When Linux Swaps Away My Sleep – MySQL, RHEL8, and the Curious Case of High Swap Usage

Posted by FatDBA on December 12, 2025

I remember an old instance where I’d got an alert that one of production MySQL servers had suddenly gone sluggish after moved to RHEL 8 from RHEL7. On checking, I found something odd … the system was consuming swap heavily, even though there was plenty of physical memory free.

Someone who did the first time deployment years before, left THP as enabled and with default swapiness … but this setting that had worked perfectly for years on RHEL 7, but now, after the upgrade to RHEL 8.10, the behavior was completely different.

This post is about how that small OS level change turned into a real performance headache, and what we found after some deep digging.

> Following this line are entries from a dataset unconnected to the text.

(* The family $R^{\mathrm{co}}_\lambda$, $\lambda>0$, defined by \[ R^{\mathrm{co}}_\lambda f=R^{\mathrm{du}}_\lambda f+\sum_{i\in\mathcal M}\sum_{j=1}^{\kappa(i)}u_{i,j}(f,\lambda)\,\ell^{i,j}_\lambda \] is a Feller resolvent on $C(S_{\mathrm u})$ (it satisfies the Hilbert equation, $\lambda R^{\mathrm{co}}_\lambda f\to f$ as $\lambda\to\infty$, the operators are non-negative and $\lambda R^{\mathrm{co}}_\lambda1_{S_{\mathrm u}}\le1_{S_{\mathrm u}}$). It is conservative (i.e. $\lambda R^{\mathrm{co}}_\lambda1_{S_{\mathrm u}}=1_{S_{\mathrm u}}$) if all $\mathfrak p_{i,j}$ are probability measures.
   Context: Let $S_1,\dots,S_N$ be disjoint compact metrizable separable spaces and $A_i$ generators of Feller semigroups (positive contraction semigroups, not necessarily conservative) on $C(S_i)$ with resolvents $R_{\lambda,i}=(\lambda-A_i)^{-1}$. Assume $A_1,\dots,A_M$ ($1\le M\le N$) are not conservative and $A_{M+1},\dots,A_N$ conservative. For $i\in\mathcal M=\{1,\dots,M\}$, assume the kernel of $A_i$ is trivial and there are continuous functions $\phi^{i,j}$, $j=1,\dots,\kappa(i)$, with $0\le\phi^{i,j}\le1_{S_i}$, $\lambda R_{\lambda,i}\phi^{i,j}\le\phi^{i,j}$ for all $\lambda>0$, $\lambda R_{\lambda,i}\phi^{i,j}\ne\phi^{i,j}$, and $\sum_{j=1}^{\kappa(i)}\phi^{i,j}=1_{S_i}$ (a regular Feller exit boundary with $\kappa(i)$ exits). Let $\ell^{i,j}_\lambda=\phi^{i,j}-\lambda R_{\lambda,i}\phi^{i,j}$ (Laplace transforms of exit laws), $\mathcal{IJ}=\{(i,j):i\in\mathcal M,1\le j\le\kappa(i)\}$, $\kappa=\sum_{i\in\mathcal M}\kappa(i)$. Let $S_{\mathrm u}$ be the disjoint union of the $S_i$ (functions on $S_i$ extended by zero to $S_{\mathrm u}$; $f_i=f1_{S_i}$), $R^{\mathrm{du}}_\lambda f=\sum_{i=1}^NR_{\lambda,i}f_i$, and $\mathfrak p_{i,j}$, $(i,j)\in\mathcal{IJ}$, Borel sub-probability measures on $S_{\mathrm u}$ (distribution of the restart point after exiting $S_i$ through gate $j$). Let $N_\lambda:\mathbb R^\kappa\to\mathbb R^\kappa$, $(N_\lambda w)_{i,j}=\sum_{k\in\mathcal M}\sum_{l=1}^{\kappa(k)}w_{k,l}\int_{S_k}\ell^{k,l}_\lambda\,\mathrm d\mathfrak p_{i,j}$; then $\|N_\lambda\|<1$ and $M_\lambda=I-N_\lambda$ is invertible. For $f\in C(S_{\mathrm u})$, $u(f,\lambda)=M_\lambda^{-1}\big(\int_{S_{\mathrm u}}R^{\mathrm{du}}_\lambda f\,\mathrm d\mathfrak p_{i,j}\big)_{(i,j)\in\mathcal{IJ}}$. *)

theory Defs
  imports "HOL-Probability.Probability"
begin

text \<open>C(S): real continuous functions on S, extended by zero outside S.\<close>
definition CS :: "'a::topological_space set \<Rightarrow> ('a \<Rightarrow> real) set" where
  "CS S = {f. continuous_on S f \<and> (\<forall>x. x \<notin> S \<longrightarrow> f x = 0)}"

definition feller_resolvent ::
  "'a::topological_space set \<Rightarrow> (real \<Rightarrow> ('a \<Rightarrow> real) \<Rightarrow> ('a \<Rightarrow> real)) \<Rightarrow> bool" where
  "feller_resolvent S R \<longleftrightarrow>
     (\<forall>l>0. \<forall>f\<in>CS S. R l f \<in> CS S) \<and>
     (\<forall>l>0. \<forall>f\<in>CS S. \<forall>g\<in>CS S. \<forall>a b::real.
        R l (\<lambda>x. a * f x + b * g x) = (\<lambda>x. a * R l f x + b * R l g x)) \<and>
     (\<forall>l>0. \<forall>m>0. \<forall>f\<in>CS S. \<forall>x. R l f x - R m f x = (m - l) * R l (R m f) x) \<and>
     (\<forall>f\<in>CS S. uniform_limit S (\<lambda>l x. l * R l f x) f at_top) \<and>
     (\<forall>l>0. \<forall>f\<in>CS S. (\<forall>x\<in>S. 0 \<le> f x) \<longrightarrow> (\<forall>x\<in>S. 0 \<le> R l f x)) \<and>
     (\<forall>l>0. \<forall>x\<in>S. l * R l (indicator S) x \<le> 1)"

The server in question was a MySQL 8.0.43 instance running on a VMware VM with 16 CPUs and 64 GB RAM. When the issue began, users complained that the database was freezing randomly, and monitoring tools were throwing high load average and slow query alerts.

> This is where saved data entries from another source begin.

(* Let $\mathcal{A},\mathcal{B},\mathcal{C}$ be finite-dimensional complex Hilbert spaces with $\dim\mathcal{C}\geq\dim(\mathcal{A}\otimes\mathcal{B})$. Let $L$ be a subunitary operator on $\mathcal{A}\otimes\mathcal{B}$ (i.e. $\|L\ket{\varphi}\|\leq\|\ket{\varphi}\|$ for all $\ket{\varphi}$). Let $\ket{\xi}\neq 0$ and $\ket{\tau}$ be vectors in $\mathcal{A}\otimes\mathcal{B}\otimes\mathcal{C}$, and let $T\geq 1$ be an integer. Then it is possible to transform $\ket{\xi}\mapsto\ket{\tau}$ in $T$ timesteps (in the sense defined in the context) if and only if there exist positive semidefinite operators $\pi^0,\pi^1,\dots,\pi^{T-1}$ on $\mathcal{A}\otimes\mathcal{B}$ such that $\mathrm{tr}_{\mathcal{B}}\pi^{j+1}=\mathrm{tr}_{\mathcal{B}}\left(L\pi^jL^\dagger\right)$ for all $0\leq j\leq T-2$, $\mathrm{tr}_{\mathcal{B}\mathcal{C}}\ket{\xi}\bra{\xi}=\mathrm{tr}_{\mathcal{B}}\pi^0$, and $\mathrm{tr}_{\mathcal{B}\mathcal{C}}\ket{\tau}\bra{\tau}=\mathrm{tr}_{\mathcal{B}}\left(L\pi^{T-1}L^\dagger\right)$.
   Context: A $T$-timestep algorithm consists of a choice of unitaries $U_0,U_1,\dots,U_T$ acting on $\mathcal{B}\otimes\mathcal{C}$; it applies the operator $E=(I_{\mathcal{A}}\otimes U_T)(L\otimes I_{\mathcal{C}})(I_{\mathcal{A}}\otimes U_{T-1})(L\otimes I_{\mathcal{C}})\cdots(L\otimes I_{\mathcal{C}})(I_{\mathcal{A}}\otimes U_0)$ (i.e. $L$ is applied exactly $T$ times on $\mathcal{A}\otimes\mathcal{B}$, interleaved with arbitrary unitaries on $\mathcal{B}\otimes\mathcal{C}$; the algorithm never acts directly on $\mathcal{A}$ otherwise). "Transform $\ket{\xi}\mapsto\ket{\tau}$ in $T$ timesteps" means there is such an algorithm with $E\ket{\xi}=\ket{\tau}$. States need not be normalized. $\mathrm{tr}_{\mathcal{B}}$, $\mathrm{tr}_{\mathcal{B}\mathcal{C}}$ denote partial traces over the indicated factors. *)

theory Defs
  imports Complex_Main
begin

text \<open>Finite-dimensional Hilbert spaces A, B, C are modelled as coordinate spaces
 indexed by finite types 'a, 'b, 'c (orthonormal bases). Vectors are functions
 from the basis index to complex; operators are matrices (row index, column index).\<close>

type_synonym ('i) vec = "'i \<Rightarrow> complex"
type_synonym ('i) op = "'i \<Rightarrow> 'i \<Rightarrow> complex"

definition op_apply :: "('i::finite) op \<Rightarrow> 'i vec \<Rightarrow> 'i vec" where
  "op_apply M v = (\<lambda>i. \<Sum>j\<in>UNIV. M i j * v j)"

definition op_mult :: "('i::finite) op \<Rightarrow> 'i op \<Rightarrow> 'i op" where
  "op_mult M N = (\<lambda>i k. \<Sum>j\<in>UNIV. M i j * N j k)"

definition op_adj :: "'i op \<Rightarrow> 'i op" where
  "op_adj M = (\<lambda>i j. cnj (M j i))"

definition op_id :: "'i op" where
  "op_id = (\<lambda>i j. if i = j then 1 else 0)"

definition vnorm :: "('i::finite) vec \<Rightarrow> real" where
  "vnorm v = sqrt (\<Sum>i\<in>UNIV. (cmod (v i))\<^sup>2)"

definition unitary_op :: "('i::finite) op \<Rightarrow> bool" where
  "unitary_op U \<longleftrightarrow> op_mult (op_adj U) U = op_id \<and> op_mult U (op_adj U) = op_id"

definition subunitary :: "('i::finite) op \<Rightarrow> bool" where
  "subunitary L \<longleftrightarrow> (\<forall>\<phi>. vnorm (op_apply L \<phi>) \<le> vnorm \<phi>)"

definition psd :: "('i::finite) op \<Rightarrow> bool" where
  "psd M \<longleftrightarrow> (\<forall>v. let q = (\<Sum>i\<in>UNIV. cnj (v i) * op_apply M v i) in Im q = 0 \<and> Re q \<ge> 0)"

definition ptrace_B :: "('a \<times> 'b::finite) op \<Rightarrow> 'a op" where
  "ptrace_B M = (\<lambda>a a'. \<Sum>b\<in>UNIV. M (a, b) (a', b))"

definition ketbra :: "'i vec \<Rightarrow> 'i op" where
  "ketbra \<xi> = (\<lambda>i j. \<xi> i * cnj (\<xi> j))"

definition ptrace_BC :: "('a \<times> ('b::finite \<times> 'c::finite)) op \<Rightarrow> 'a op" where
  "ptrace_BC M = (\<lambda>a a'. \<Sum>bc\<in>UNIV. M (a, bc) (a', bc))"

text \<open>I_A \<otimes> U for U on B\<otimes>C, and L \<otimes> I_C for L on A\<otimes>B, acting on A\<otimes>B\<otimes>C.\<close>
definition apply_BC :: "('b::finite \<times> 'c::finite) op \<Rightarrow> ('a \<times> 'b \<times> 'c) vec \<Rightarrow> ('a \<times> 'b \<times> 'c) vec" where
  "apply_BC U v = (\<lambda>(a, b, c). \<Sum>(b', c')\<in>UNIV. U (b, c) (b', c') * v (a, b', c'))"

definition apply_AB :: "('a::finite \<times> 'b::finite) op \<Rightarrow> ('a \<times> 'b \<times> 'c) vec \<Rightarrow> ('a \<times> 'b \<times> 'c) vec" where
  "apply_AB L v = (\<lambda>(a, b, c). \<Sum>(a', b')\<in>UNIV. L (a, b) (a', b') * v (a', b', c))"

text \<open>The operator E of a k-timestep algorithm with unitaries Us 0, ..., Us k applied to v:
  E = (I\<otimes>U_k)(L\<otimes>I)(I\<otimes>U_{k-1}) ... (L\<otimes>I)(I\<otimes>U_0).\<close>
fun run_alg :: "('a::finite \<times> 'b::finite) op \<Rightarrow> (nat \<Rightarrow> ('b \<times> 'c::finite) op) \<Rightarrow> nat
    \<Rightarrow> ('a \<times> 'b \<times> 'c) vec \<Rightarrow> ('a \<times> 'b \<times> 'c) vec" where
  "run_alg L Us 0 v = apply_BC (Us 0) v"
| "run_alg L Us (Suc k) v = apply_BC (Us (Suc k)) (apply_AB L (run_alg L Us k v))"

definition transformable :: "('a::finite \<times> 'b::finite) op \<Rightarrow> nat
    \<Rightarrow> ('a \<times> 'b \<times> 'c::finite) vec \<Rightarrow> ('a \<times> 'b \<times> 'c) vec \<Rightarrow> bool" where
  "transformable L T \<xi> \<tau> \<longleftrightarrow>
     (\<exists>Us. (\<forall>j\<le>T. unitary_op (Us j)) \<and> run_alg L Us T \<xi> = \<tau>)"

Let’s take a quick look at the environment … It was a pretty decent VM, nothing under sized.

$ cat /etc/redhat-release
Red Hat Enterprise Linux release 8.10 (Ootpa)

$ uname -r
4.18.0-553.82.1.el8_10.x86_64

$ uptime
11:20:24 up 3 days, 10:57,  2 users,  load average: 4.34, 3.15, 3.63

$ grep ^CPU\(s\) sos_commands/processor/lscpu
CPU(s): 16

When I pulled the SAR data for that morning, the pattern was clear ..There were long stretches on CPU where %iowait spiked above 20-25%, and load averages crossed 400+ during peak time! The 09:50 slot looked particularly suspicious .. load average jumped to 464 and remained high for several minutes.

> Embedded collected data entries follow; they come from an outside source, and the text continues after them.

lemma laurent_add:
  assumes p: "p \<in> carrier P" and q: "q \<in> carrier P"
  shows "L (p \<oplus>\<^bsub>P\<^esub> q) = (\<lambda>n. L p n \<oplus>\<^bsub>R\<^esub> L q n)"
proof
  fix n
  define K where "K = max (deg (UP R) p) (deg (UP R) q)"
  have "L (p \<oplus>\<^bsub>P\<^esub> q) n = laurent_upto R f K (p \<oplus>\<^bsub>P\<^esub> q) n"
    using laurent_upto_eq[of "p \<oplus>\<^bsub>P\<^esub> q" K] P.deg_add[OF p q] p q by (simp add: K_def)
  also have "\<dots> = laurent_upto R f K p n \<oplus>\<^bsub>R\<^esub> laurent_upto R f K q n"
    unfolding laurent_upto_def
  proof (subst R.finsum_addf[symmetric])
    show "(\<Oplus>\<^bsub>R\<^esub>j\<in>{..K}. if 0 \<le> n + int j
          then (p \<oplus>\<^bsub>P\<^esub> q) j (nat (n + int j)) \<otimes>\<^bsub>R\<^esub> f [^]\<^bsub>R\<^esub> j else \<zero>\<^bsub>R\<^esub>) =
        (\<Oplus>\<^bsub>R\<^esub>j\<in>{..K}.
          (if 0 \<le> n + int j then p j (nat (n + int j)) \<otimes>\<^bsub>R\<^esub> f [^]\<^bsub>R\<^esub> j else \<zero>\<^bsub>R\<^esub>) \<oplus>\<^bsub>R\<^esub>
          (if 0 \<le> n + int j then q j (nat (n + int j)) \<otimes>\<^bsub>R\<^esub> f [^]\<^bsub>R\<^esub> j else \<zero>\<^bsub>R\<^esub>))"
      by (rule R.finsum_cong') (auto simp: p q f_carrier R.l_distr coeff_uv_add)
  qed (auto simp: p q f_carrier)
  also have "\<dots> = L p n \<oplus>\<^bsub>R\<^esub> L q n"
    using laurent_upto_eq p q by (simp add: K_def)
  finally show "L (p \<oplus>\<^bsub>P\<^esub> q) n = L p n \<oplus>\<^bsub>R\<^esub> L q n" .
qed

lemma laurent_minus:
  assumes p: "p \<in> carrier P" and q: "q \<in> carrier P"
  shows "L (p \<ominus>\<^bsub>P\<^esub> q) n = L p n \<ominus>\<^bsub>R\<^esub> L q n"
proof -
  have pq: "p \<ominus>\<^bsub>P\<^esub> q \<in> carrier P" using p q by simp
  have cancel: "(p \<ominus>\<^bsub>P\<^esub> q) \<oplus>\<^bsub>P\<^esub> q = p" using p q by algebra
  have "L (p \<ominus>\<^bsub>P\<^esub> q) n \<oplus>\<^bsub>R\<^esub> L q n = L ((p \<ominus>\<^bsub>P\<^esub> q) \<oplus>\<^bsub>P\<^esub> q) n"
    by (simp only: laurent_add[OF pq q])
  also have "\<dots> = L p n" by (simp only: cancel)
  finally show ?thesis
    using R.add.inv_solve_right[of "L (p \<ominus>\<^bsub>P\<^esub> q) n" "L p n" "L q n"] pq p q
    by (simp add: a_minus_def)
qed

lemma laurent_support:
  assumes p: "p \<in> carrier P" and deg: "deg (UP R) p \<le> K" "\<And>j. deg R (p j) \<le> K"
  shows "L p m \<noteq> \<zero>\<^bsub>R\<^esub> \<Longrightarrow> \<bar>m\<bar> \<le> int K"
  using p deg
proof (induction p arbitrary: m rule: uv_monom_induct)
  case (add a b)
  then have "L a m \<noteq> \<zero>\<^bsub>R\<^esub> \<or> L b m \<noteq> \<zero>\<^bsub>R\<^esub>" by (auto simp: laurent_add)
  then show ?case using add(3,4) by blast
next
  case (monom i j)
  then show ?case using p by (auto simp: laurent_uv_monom split: if_splits)
qed (simp add: laurent_zero)

lemma laurent_mult_uv_monoms:
  assumes a: "a \<in> carrier R" and b: "b \<in> carrier R" and "i \<le> K" "j \<le> K"
  shows "L (uv_monom a i j \<otimes>\<^bsub>P\<^esub> uv_monom b k l) =
    laurent_conv R K (L (uv_monom a i j)) (L (uv_monom b k l))"
proof
  fix n
  have "laurent_conv R K (L (uv_monom a i j)) (L (uv_monom b k l)) n =
      L (uv_monom a i j) (int i - int j) \<otimes>\<^bsub>R\<^esub> L (uv_monom b k l) (n - (int i - int j))"
    by (rule R.laurent_conv_eq_single) (use a b f_carrier \<open>i \<le> K\<close> \<open>j \<le> K\<close> in \<open>auto simp: laurent_uv_monom\<close>)
  also have "\<dots> = L (uv_monom a i j \<otimes>\<^bsub>P\<^esub> uv_monom b k l) n"
    using a b f_carrier
    by (auto simp: uv_monom_mult laurent_uv_monom R.nat_pow_mult[symmetric] R.m_ac)
  finally show "L (uv_monom a i j \<otimes>\<^bsub>P\<^esub> uv_monom b k l) n =
      laurent_conv R K (L (uv_monom a i j)) (L (uv_monom b k l)) n" ..
qed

09:00:01 %usr=26.08  %iowait=22.78  %idle=46.67
09:40:01 %usr=29.04  %iowait=24.43  %idle=40.11
09:50:01 %usr=7.55   %iowait=10.07  %idle=80.26
10:00:01 %usr=38.53  %iowait=19.54  %idle=35.32

Here’s what the memory and swap stats looked like:

# Memory Utilization
%memused ≈ 99.3%
Free memory ≈ 400 MB (on a 64 GB box)
Swap usage ≈ 85% average, hit 100% at 09:50 AM

That was confusing.. MySQL was not leaking memory, and there was still >10 GB available for cache and buffers. The system was clearly pushing pages to swap even though it didn’t need to. That was the turning point in the investigation.

At the same time, the reporting agent started reporting MySQL timeouts:

 09:44:09 [mysql] read tcp xxx.xx.xx.xx:xxx->xxx.xxx.xx.xx:xxxx: i/o timeout
 09:44:14 [mysql] read tcp xx.xx.xx.xxxx:xxx->xx.xx.xx.xx.xx:xxx: i/o timeout

And the system kernel logs showed the familiar horror lines for every DBA .. MySQL threads were being stalled by the OS. This aligned perfectly with the time when swap usage peaked.

 09:45:34 kernel: INFO: task mysqld:5352 blocked for more than 120 seconds.
 09:45:34 kernel: INFO: task ib_pg_flush_co:9435 blocked for more than 120 seconds.
 09:45:34 kernel: INFO: task connection:10137 blocked for more than 120 seconds.

I double-checked the swappiness configuration:

$ cat /proc/sys/vm/swappiness
1

So theoretically, swap usage should have been minimal. But the system was still paging aggressively. Then I checked the cgroup configuration (a trick I learned from a Red Hat note) .. And there it was more than 115 cgroups still using the default value of 60! … In RHEL 8, memory management moved more toward cgroup v2, which isolates memory parameters by control group.

So even if /proc/sys/vm/swappiness is set to 1, processes inside those cgroups can still follow their own default value (60) and this explained why the system was behaving like swappiness=60 even though the global value was 1.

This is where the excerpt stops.